Furthermore, we also investigated changes in the plasma proteome of same
animals so as to find the interlinks between the two proteomes. This was
done to further facilitate their translational application during later
investigations. This study elucidated many crucial aspects of lung and
plasma proteome during extended exposure to low pO2. One
of the key findings was that unlike redox homeostasis being a central
process during acute exposure (Paul et al., 2018), extended exposure
caused cytoskeletal re-arrangements to dominate in lungs while plasma
proteome was dominated by proteins involved in metabolic and immune
processes. An overall view that emerges from this study is the
cytoskeletal remodeling that occurs in the lung signals the systemic
response manifested in energy metabolism and inflammation signaling
processes. A common low pO2 mediator between lung and
plasma is STAT3 (Signal transducer and activator of transcription 3)
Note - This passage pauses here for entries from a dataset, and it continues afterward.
lemma SIN_group_no_inner_shift:
  assumes "group H" and SIN: "SIN_group H T"
    and hom: "\<phi> \<in> hom torus_Z H" and emb: "embedding_map torus_Z_top T \<phi>"
    and t: "t \<in> carrier H"
    and conj: "\<And>y. y \<in> carrier torus_Z \<Longrightarrow> t \<otimes>\<^bsub>H\<^esub> \<phi> y \<otimes>\<^bsub>H\<^esub> inv\<^bsub>H\<^esub> t = \<phi> (shift_Z y)"
  shows False
proof -
  define G where "G = carrier torus_Z"
  have homeo: "homeomorphic_map torus_Z_top (subtopology T (\<phi> ` G)) \<phi>"
    using emb by (simp add: embedding_map_def topspace_torus_Z G_def)
  have cont: "continuous_map torus_Z_top T \<phi>"
    using homeomorphic_imp_continuous_map[OF homeo] continuous_map_in_subtopology by blast
  have inj: "inj_on \<phi> G"
    using homeomorphic_imp_injective_map[OF homeo] by (simp add: topspace_torus_Z G_def)
  have one: "\<phi> (\<lambda>_. 1) = \<one>\<^bsub>H\<^esub>" and one_G: "(\<lambda>_. 1) \<in> G"
    using hom_one[OF hom group_torus_Z \<open>group H\<close>] by (auto simp: one_torus_Z G_def carrier_torus_Z)
  txt \<open>The points with positive real part at coordinate 0 form an open identity neighbourhood
    \<open>P\<close> of \<open>\<T>\<^sup>\<int>\<close>; its image is cut out of \<open>\<phi>(G)\<close> by an open set \<open>W\<close> of \<open>H\<close>.\<close>
  define P where "P = {y \<in> topspace torus_Z_top. y 0 \<in> {z. Re z > 0} \<inter> sphere 0 1}"
  have "openin torus_Z_top P" unfolding P_def
  proof (rule openin_continuous_map_preimage)
    show "continuous_map torus_Z_top (subtopology euclidean (sphere (0::complex) 1)) (\<lambda>y. y 0)"
      unfolding torus_Z_top_def by (rule continuous_map_product_projection) simp
    show "openin (subtopology euclidean (sphere (0::complex) 1)) ({z. Re z > 0} \<inter> sphere 0 1)"
      by (auto simp: openin_subtopology intro!: exI[of _ "{z. Re z > 0}"] open_halfspace_Re_gt)
  qed
  then have "openin (subtopology T (\<phi> ` G)) (\<phi> ` P)"
    using homeomorphic_imp_open_map[OF homeo] by (simp add: open_map_def)
  then obtain W where W: "openin T W" "\<phi> ` P = W \<inter> \<phi> ` G"
    by (auto simp: openin_subtopology)
  have "(\<lambda>_. 1) \<in> P" using one_G by (simp add: P_def topspace_torus_Z G_def)
  then have "\<phi> (\<lambda>_. 1) \<in> W \<inter> \<phi> ` G" unfolding W(2)[symmetric] by (rule imageI)
  then have "\<one>\<^bsub>H\<^esub> \<in> W" using one by simp
  then have "nbhd_one H T W" unfolding nbhd_one_def using W(1) by blast
  then have "\<exists>V. nbhd_one H T V \<and> V \<subseteq> W \<and>
      (\<forall>g\<in>carrier H. (\<lambda>v. g \<otimes>\<^bsub>H\<^esub> v \<otimes>\<^bsub>H\<^esub> inv\<^bsub>H\<^esub> g) ` V = V)"
    using SIN openin_subset[OF W(1)] unfolding SIN_group_def by simp
  then obtain V where V: "nbhd_one H T V" "V \<subseteq> W"
    "\<forall>g\<in>carrier H. (\<lambda>v. g \<otimes>\<^bsub>H\<^esub> v \<otimes>\<^bsub>H\<^esub> inv\<^bsub>H\<^esub> g) ` V = V"
    by blast
  have V_conj: "t \<otimes>\<^bsub>H\<^esub> v \<otimes>\<^bsub>H\<^esub> inv\<^bsub>H\<^esub> t \<in> V" if "v \<in> V" for v
  proof -
    have "t \<otimes>\<^bsub>H\<^esub> v \<otimes>\<^bsub>H\<^esub> inv\<^bsub>H\<^esub> t \<in> (\<lambda>v. t \<otimes>\<^bsub>H\<^esub> v \<otimes>\<^bsub>H\<^esub> inv\<^bsub>H\<^esub> t) ` V"
      using that by (rule imageI)
    then show ?thesis using V(3) t by simp
  qed
  obtain V0 where V0: "openin T V0" "\<one>\<^bsub>H\<^esub> \<in> V0" "V0 \<subseteq> V"
    using V(1) unfolding nbhd_one_def by blast
  txt \<open>Its preimage in \<open>\<T>\<^sup>\<int>\<close> is a shift-invariant identity neighbourhood.\<close>
  define A where "A = {y \<in> G. \<phi> y \<in> V}"
  define A0 where "A0 = {y \<in> topspace torus_Z_top. \<phi> y \<in> V0}"
  have "openin torus_Z_top A0"
    unfolding A0_def by (rule openin_continuous_map_preimage[OF cont V0(1)])
  moreover have "(\<lambda>_. 1) \<in> A0"
    using one_G one V0(2) by (simp add: A0_def topspace_torus_Z G_def)
  moreover have "A0 \<subseteq> A"
    unfolding A_def A0_def topspace_torus_Z G_def using V0(3) by blast
  moreover have "shift_Z y \<in> A" if "y \<in> A" for y
  proof -
    have y: "y \<in> G" "\<phi> y \<in> V" using that by (auto simp: A_def)
    have "\<phi> (shift_Z y) = t \<otimes>\<^bsub>H\<^esub> \<phi> y \<otimes>\<^bsub>H\<^esub> inv\<^bsub>H\<^esub> t"
      using conj y(1) by (simp add: G_def)
    then have "\<phi> (shift_Z y) \<in> V" using V_conj[OF y(2)] by simp
    then show ?thesis using y(1) shift_Z_carrier by (simp add: A_def G_def)
  qed
  ultimately obtain y where y: "y \<in> A" "y 0 = -1"
    using shift_invariant_nbhd_contains_minus_one[of A0 A] by blast
  txt \<open>But every point of \<open>A\<close> lies in \<open>P\<close>.\<close>
  then have "\<phi> y \<in> \<phi> ` P" using W(2) V(2) by (auto simp: A_def)
  then have "y \<in> P" using inj y(1) by (auto simp: A_def P_def topspace_torus_Z G_def inj_on_def)
  with y(2) show False by (simp add: P_def)
qed

theorem mainTheorem18:
  fixes a :: "int \<Rightarrow> real"
  assumes "Q_indep_with_one a"
  shows "\<not> (\<exists>(H :: 'h monoid) (T :: 'h topology) (\<phi> :: (int \<Rightarrow> complex) \<Rightarrow> 'h) t.
            topological_group H T \<and> metrizable_space T \<and> SIN_group H T \<and>
            \<phi> \<in> hom torus_Z H \<and> embedding_map torus_Z_top T \<phi> \<and>
            t \<in> carrier H \<and>
            t \<otimes>\<^bsub>H\<^esub> \<phi> (\<lambda>n. to_circle (a n)) \<otimes>\<^bsub>H\<^esub> inv\<^bsub>H\<^esub> t
              = \<phi> (shift_Z (\<lambda>n. to_circle (a n))))"
proof
  assume "\<exists>(H :: 'h monoid) (T :: 'h topology) (\<phi> :: (int \<Rightarrow> complex) \<Rightarrow> 'h) t.
            topological_group H T \<and> metrizable_space T \<and> SIN_group H T \<and>
            \<phi> \<in> hom torus_Z H \<and> embedding_map torus_Z_top T \<phi> \<and>
            t \<in> carrier H \<and>
            t \<otimes>\<^bsub>H\<^esub> \<phi> (\<lambda>n. to_circle (a n)) \<otimes>\<^bsub>H\<^esub> inv\<^bsub>H\<^esub> t
              = \<phi> (shift_Z (\<lambda>n. to_circle (a n)))"
  then obtain H :: "'h monoid" and T \<phi> t where
    TG: "topological_group H T" and MT: "metrizable_space T" and SIN: "SIN_group H T"
    and hom: "\<phi> \<in> hom torus_Z H" and emb: "embedding_map torus_Z_top T \<phi>"
    and t: "t \<in> carrier H"
    and conj_x: "t \<otimes>\<^bsub>H\<^esub> \<phi> (\<lambda>n. to_circle (a n)) \<otimes>\<^bsub>H\<^esub> inv\<^bsub>H\<^esub> t
              = \<phi> (shift_Z (\<lambda>n. to_circle (a n)))"
    by blast
  define c where "c = (\<lambda>g. t \<otimes>\<^bsub>H\<^esub> g \<otimes>\<^bsub>H\<^esub> inv\<^bsub>H\<^esub> t)"
  have "group H" using TG by (simp add: topological_group_def)
  have cont: "continuous_map torus_Z_top T \<phi>"
    using emb embedding_map_def homeomorphic_imp_continuous_map continuous_map_in_subtopology by blast
  txt \<open>Conjugation by \<open>t\<close> agrees with the shift at \<open>x\<close>, hence on all of \<open>\<T>\<^sup>\<int>\<close> by density.\<close>
  have "(c \<circ> \<phi>) y = (\<phi> \<circ> shift_Z) y" if "y \<in> carrier torus_Z" for y
  proof (rule continuous_homs_agree_on_dense_cyclic[OF group_torus_Z \<open>group H\<close> _ _ _ _ _ _
        dense_cyclic_subgroup[OF assms]])
    show "c \<circ> \<phi> \<in> hom torus_Z H" "\<phi> \<circ> shift_Z \<in> hom torus_Z H"
      using hom_compose[OF hom] hom_compose[OF shift_Z_hom hom]
        conjugation_hom[OF \<open>group H\<close> t] by (auto simp: c_def)
    show "continuous_map torus_Z_top T (c \<circ> \<phi>)" "continuous_map torus_Z_top T (\<phi> \<circ> shift_Z)"
      using continuous_map_compose[OF cont] continuous_map_compose[OF shift_Z_continuous cont]
        conjugation_continuous[OF TG t] by (auto simp: c_def)
    show "Hausdorff_space T" using MT by (rule metrizable_imp_Hausdorff_space)
    show "(\<lambda>n. to_circle (a n)) \<in> carrier torus_Z" by (simp add: carrier_torus_Z)
    show "(c \<circ> \<phi>) (\<lambda>n. to_circle (a n)) = (\<phi> \<circ> shift_Z) (\<lambda>n. to_circle (a n))"
      using conj_x by (simp add: c_def)
    show "y \<in> topspace torus_Z_top" using that by (simp add: topspace_torus_Z)
  qed
  then show False
    using SIN_group_no_inner_shift[OF \<open>group H\<close> SIN hom emb t] by (simp add: c_def)
qed

end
(Paul et al., 2018). In an attempt to gather qualitative insights in
humans undergoing extended exposure to low pO2conditions, we performed ELISA based validations of Alpha-1-antitrypsin,
cofilin-1 and S100A8 in humans exposed to 14,000 ft
(~pO2 12.81 kPa) for 7, 30 and 120 days.
The selection of these proteins was from the protein datasets of rats,
with the focus being that each of the proteins represent the processes
found perturbed in rat, i.e. lung cytoskeletal re-modeling, and its
derived innate immune/inflammatory signaling.
Overall, we observed that extended exposure to low pO2perturbed lipid metabolism due to redox stress in pursuit of redox
homeostasis. The disturbed lipid metabolism led to inflammatory
processes being activated. STAT3 played an important upstream regulatory
role which may be specifically evaluated in future investigations.